START AVAILABLE DATA
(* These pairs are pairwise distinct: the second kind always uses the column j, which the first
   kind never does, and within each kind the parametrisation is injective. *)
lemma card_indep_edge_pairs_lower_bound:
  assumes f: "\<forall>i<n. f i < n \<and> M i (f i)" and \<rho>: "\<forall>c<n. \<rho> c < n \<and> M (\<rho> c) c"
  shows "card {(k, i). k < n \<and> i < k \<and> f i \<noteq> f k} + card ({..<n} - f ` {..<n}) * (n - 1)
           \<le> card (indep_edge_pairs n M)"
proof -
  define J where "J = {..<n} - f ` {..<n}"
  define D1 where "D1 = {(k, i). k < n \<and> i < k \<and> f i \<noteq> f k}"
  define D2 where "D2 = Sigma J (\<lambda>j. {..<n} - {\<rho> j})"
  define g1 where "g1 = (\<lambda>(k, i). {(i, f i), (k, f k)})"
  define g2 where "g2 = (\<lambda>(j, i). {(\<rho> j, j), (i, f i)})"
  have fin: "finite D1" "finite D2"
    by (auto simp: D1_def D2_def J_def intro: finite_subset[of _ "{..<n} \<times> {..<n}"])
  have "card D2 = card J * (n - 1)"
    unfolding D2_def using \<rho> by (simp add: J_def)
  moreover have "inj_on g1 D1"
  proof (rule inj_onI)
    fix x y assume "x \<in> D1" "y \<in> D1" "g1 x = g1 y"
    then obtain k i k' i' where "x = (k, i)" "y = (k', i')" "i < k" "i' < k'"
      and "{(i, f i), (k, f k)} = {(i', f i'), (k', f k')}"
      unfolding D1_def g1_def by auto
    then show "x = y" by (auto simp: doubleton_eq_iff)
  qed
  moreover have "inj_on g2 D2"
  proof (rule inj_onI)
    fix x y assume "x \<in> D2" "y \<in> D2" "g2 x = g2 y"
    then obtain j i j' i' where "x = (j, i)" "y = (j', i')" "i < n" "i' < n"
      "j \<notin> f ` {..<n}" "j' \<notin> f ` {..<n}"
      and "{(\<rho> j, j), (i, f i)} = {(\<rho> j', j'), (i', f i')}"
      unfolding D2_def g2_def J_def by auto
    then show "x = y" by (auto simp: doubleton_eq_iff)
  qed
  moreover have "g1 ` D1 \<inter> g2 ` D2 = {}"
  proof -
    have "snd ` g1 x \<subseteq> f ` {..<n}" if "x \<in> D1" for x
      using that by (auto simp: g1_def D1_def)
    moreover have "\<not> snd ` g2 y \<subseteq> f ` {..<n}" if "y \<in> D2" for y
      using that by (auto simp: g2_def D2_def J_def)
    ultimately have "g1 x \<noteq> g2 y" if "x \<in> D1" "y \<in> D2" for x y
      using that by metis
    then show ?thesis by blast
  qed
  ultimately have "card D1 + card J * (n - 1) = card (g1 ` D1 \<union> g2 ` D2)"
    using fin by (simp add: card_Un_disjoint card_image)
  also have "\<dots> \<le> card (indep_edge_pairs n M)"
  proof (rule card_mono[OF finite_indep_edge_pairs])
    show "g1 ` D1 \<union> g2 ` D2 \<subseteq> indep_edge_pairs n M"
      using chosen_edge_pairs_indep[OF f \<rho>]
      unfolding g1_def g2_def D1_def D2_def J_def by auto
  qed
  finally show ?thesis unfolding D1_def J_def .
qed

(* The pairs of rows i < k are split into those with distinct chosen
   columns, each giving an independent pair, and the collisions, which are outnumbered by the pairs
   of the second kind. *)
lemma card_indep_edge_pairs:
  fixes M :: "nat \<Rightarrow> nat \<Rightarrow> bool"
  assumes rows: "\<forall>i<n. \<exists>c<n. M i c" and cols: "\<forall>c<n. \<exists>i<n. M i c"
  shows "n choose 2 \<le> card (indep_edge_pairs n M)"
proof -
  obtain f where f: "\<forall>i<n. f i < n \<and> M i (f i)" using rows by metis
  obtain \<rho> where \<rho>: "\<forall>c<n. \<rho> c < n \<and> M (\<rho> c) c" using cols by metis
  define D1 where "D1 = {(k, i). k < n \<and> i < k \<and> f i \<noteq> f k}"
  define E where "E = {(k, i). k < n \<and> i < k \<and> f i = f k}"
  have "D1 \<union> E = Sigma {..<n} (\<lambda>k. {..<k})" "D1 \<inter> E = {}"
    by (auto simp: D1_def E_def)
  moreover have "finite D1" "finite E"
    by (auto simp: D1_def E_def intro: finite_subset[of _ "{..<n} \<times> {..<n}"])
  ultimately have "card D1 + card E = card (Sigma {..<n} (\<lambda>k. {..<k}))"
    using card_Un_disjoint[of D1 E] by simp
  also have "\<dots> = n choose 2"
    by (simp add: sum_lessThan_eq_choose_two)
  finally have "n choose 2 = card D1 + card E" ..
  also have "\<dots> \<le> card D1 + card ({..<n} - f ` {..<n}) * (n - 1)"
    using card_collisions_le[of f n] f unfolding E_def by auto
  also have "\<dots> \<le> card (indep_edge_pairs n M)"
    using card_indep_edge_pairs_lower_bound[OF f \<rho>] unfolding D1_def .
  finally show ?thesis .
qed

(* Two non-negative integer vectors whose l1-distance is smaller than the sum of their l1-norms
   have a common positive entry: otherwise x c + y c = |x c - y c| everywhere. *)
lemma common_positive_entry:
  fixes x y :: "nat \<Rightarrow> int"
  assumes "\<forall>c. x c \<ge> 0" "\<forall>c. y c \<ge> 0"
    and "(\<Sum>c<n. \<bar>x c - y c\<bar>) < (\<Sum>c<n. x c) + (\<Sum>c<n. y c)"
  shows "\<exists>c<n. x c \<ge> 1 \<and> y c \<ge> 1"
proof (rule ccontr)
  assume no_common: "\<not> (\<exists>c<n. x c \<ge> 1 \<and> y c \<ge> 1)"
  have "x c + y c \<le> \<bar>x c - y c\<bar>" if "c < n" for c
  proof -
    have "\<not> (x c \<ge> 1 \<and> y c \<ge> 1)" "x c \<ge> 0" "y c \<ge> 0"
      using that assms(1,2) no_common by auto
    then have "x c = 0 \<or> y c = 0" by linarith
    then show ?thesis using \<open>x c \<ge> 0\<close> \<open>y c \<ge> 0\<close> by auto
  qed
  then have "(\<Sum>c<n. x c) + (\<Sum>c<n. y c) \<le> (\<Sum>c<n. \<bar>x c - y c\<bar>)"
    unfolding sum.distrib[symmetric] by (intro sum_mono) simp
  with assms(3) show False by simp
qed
END AVAILABLE DATA
• _WORK TO BE COMPLETED_: Could you reproduce every record exactly as written?

• _RESPONSE AREA_:
(* These pairs are pairwise distinct: the second kind always uses the column j, which the first
   kind never does, and within each kind the parametrisation is injective. *)
lemma card_indep_edge_pairs_lower_bound:
  assumes f: "\<forall>i<n. f i < n \<and> M i (f i)" and \<rho>: "\<forall>c<n. \<rho> c < n \<and> M (\<rho> c) c"
  shows "card {(k, i). k < n \<and> i < k \<and> f i \<noteq> f k} + card ({..<n} - f ` {..<n}) * (n - 1)
           \<le> card (indep_edge_pairs n M)"
proof -
  define J where "J = {..<n} - f ` {..<n}"
  define D1 where "D1 = {(k, i). k < n \<and> i < k \<and> f i \<noteq> f k}"
  define D2 where "D2 = Sigma J (\<lambda>j. {..<n} - {\<rho> j})"
  define g1 where "g1 = (\<lambda>(k, i). {(i, f i), (k, f k)})"
  define g2 where "g2 = (\<lambda>(j, i). {(\<rho> j, j), (i, f i)})"
  have fin: "finite D1" "finite D2"
    by (auto simp: D1_def D2_def J_def intro: finite_subset[of _ "{..<n} \<times> {..<n}"])
  have "card D2 = card J * (n - 1)"
    unfolding D2_def using \<rho> by (simp add: J_def)
  moreover have "inj_on g1 D1"
  proof (rule inj_onI)
    fix x y assume "x \<in> D1" "y \<in> D1" "g1 x = g1 y"
    then obtain k i k' i' where "x = (k, i)" "y = (k', i')" "i < k" "i' < k'"
      and "{(i, f i), (k, f k)} = {(i', f i'), (k', f k')}"
      unfolding D1_def g1_def by auto
    then show "x = y" by (auto simp: doubleton_eq_iff)
  qed
  moreover have "inj_on g2 D2"
  proof (rule inj_onI)
    fix x y assume "x \<in> D2" "y \<in> D2" "g2 x = g2 y"
    then obtain j i j' i' where "x = (j, i)" "y = (j', i')" "i < n" "i' < n"
      "j \<notin> f ` {..<n}" "j' \<notin> f ` {..<n}"
      and "{(\<rho> j, j), (i, f i)} = {(\<rho> j', j'), (i', f i')}"
      unfolding D2_def g2_def J_def by auto
    then show "x = y" by (auto simp: doubleton_eq_iff)
  qed
  moreover have "g1 ` D1 \<inter> g2 ` D2 = {}"
  proof -
    have "snd ` g1 x \<subseteq> f ` {..<n}" if "x \<in> D1" for x
      using that by (auto simp: g1_def D1_def)
    moreover have "\<not> snd ` g2 y \<subseteq> f ` {..<n}" if "y \<in> D2" for y
      using that by (auto simp: g2_def D2_def J_def)
    ultimately have "g1 x \<noteq> g2 y" if "x \<in> D1" "y \<in> D2" for x y
      using that by metis
    then show ?thesis by blast
  qed
  ultimately have "card D1 + card J * (n - 1) = card (g1 ` D1 \<union> g2 ` D2)"
    using fin by (simp add: card_Un_disjoint card_image)
  also have "\<dots> \<le> card (indep_edge_pairs n M)"
  proof (rule card_mono[OF finite_indep_edge_pairs])
    show "g1 ` D1 \<union> g2 ` D2 \<subseteq> indep_edge_pairs n M"
      using chosen_edge_pairs_indep[OF f \<rho>]
      unfolding g1_def g2_def D1_def D2_def J_def by auto
  qed
  finally show ?thesis unfolding D1_def J_def .
qed

(* The pairs of rows i < k are split into those with distinct chosen
   columns, each giving an independent pair, and the collisions, which are outnumbered by the pairs
   of the second kind. *)
lemma card_indep_edge_pairs:
  fixes M :: "nat \<Rightarrow> nat \<Rightarrow> bool"
  assumes rows: "\<forall>i<n. \<exists>c<n. M i c" and cols: "\<forall>c<n. \<exists>i<n. M i c"
  shows "n choose 2 \<le> card (indep_edge_pairs n M)"
proof -
  obtain f where f: "\<forall>i<n. f i < n \<and> M i (f i)" using rows by metis
  obtain \<rho> where \<rho>: "\<forall>c<n. \<rho> c < n \<and> M (\<rho> c) c" using cols by metis
  define D1 where "D1 = {(k, i). k < n \<and> i < k \<and> f i \<noteq> f k}"
  define E where "E = {(k, i). k < n \<and> i < k \<and> f i = f k}"
  have "D1 \<union> E = Sigma {..<n} (\<lambda>k. {..<k})" "D1 \<inter> E = {}"
    by (auto simp: D1_def E_def)
  moreover have "finite D1" "finite E"
    by (auto simp: D1_def E_def intro: finite_subset[of _ "{..<n} \<times> {..<n}"])
  ultimately have "card D1 + card E = card (Sigma {..<n} (\<lambda>k. {..<k}))"
    using card_Un_disjoint[of D1 E] by simp
  also have "\<dots> = n choose 2"
    by (simp add: sum_lessThan_eq_choose_two)
  finally have "n choose 2 = card D1 + card E" ..
  also have "\<dots> \<le> card D1 + card ({..<n} - f ` {..<n}) * (n - 1)"
    using card_collisions_le[of f n] f unfolding E_def by auto
  also have "\<dots> \<le> card (indep_edge_pairs n M)"
    using card_indep_edge_pairs_lower_bound[OF f \<rho>] unfolding D1_def .
  finally show ?thesis .
qed

(* Two non-negative integer vectors whose l1-distance is smaller than the sum of their l1-norms
   have a common positive entry: otherwise x c + y c = |x c - y c| everywhere. *)
lemma common_positive_entry:
  fixes x y :: "nat \<Rightarrow> int"
  assumes "\<forall>c. x c \<ge> 0" "\<forall>c. y c \<ge> 0"
    and "(\<Sum>c<n. \<bar>x c - y c\<bar>) < (\<Sum>c<n. x c) + (\<Sum>c<n. y c)"
  shows "\<exists>c<n. x c \<ge> 1 \<and> y c \<ge> 1"
proof (rule ccontr)
  assume no_common: "\<not> (\<exists>c<n. x c \<ge> 1 \<and> y c \<ge> 1)"
  have "x c + y c \<le> \<bar>x c - y c\<bar>" if "c < n" for c
  proof -
    have "\<not> (x c \<ge> 1 \<and> y c \<ge> 1)" "x c \<ge> 0" "y c \<ge> 0"
      using that assms(1,2) no_common by auto
    then have "x c = 0 \<or> y c = 0" by linarith
    then show ?thesis using \<open>x c \<ge> 0\<close> \<open>y c \<ge> 0\<close> by auto
  qed
  then have "(\<Sum>c<n. x c) + (\<Sum>c<n. y c) \<le> (\<Sum>c<n. \<bar>x c - y c\<bar>)"
    unfolding sum.distrib[symmetric] by (intro sum_mono) simp
  with assms(3) show False by simp
qed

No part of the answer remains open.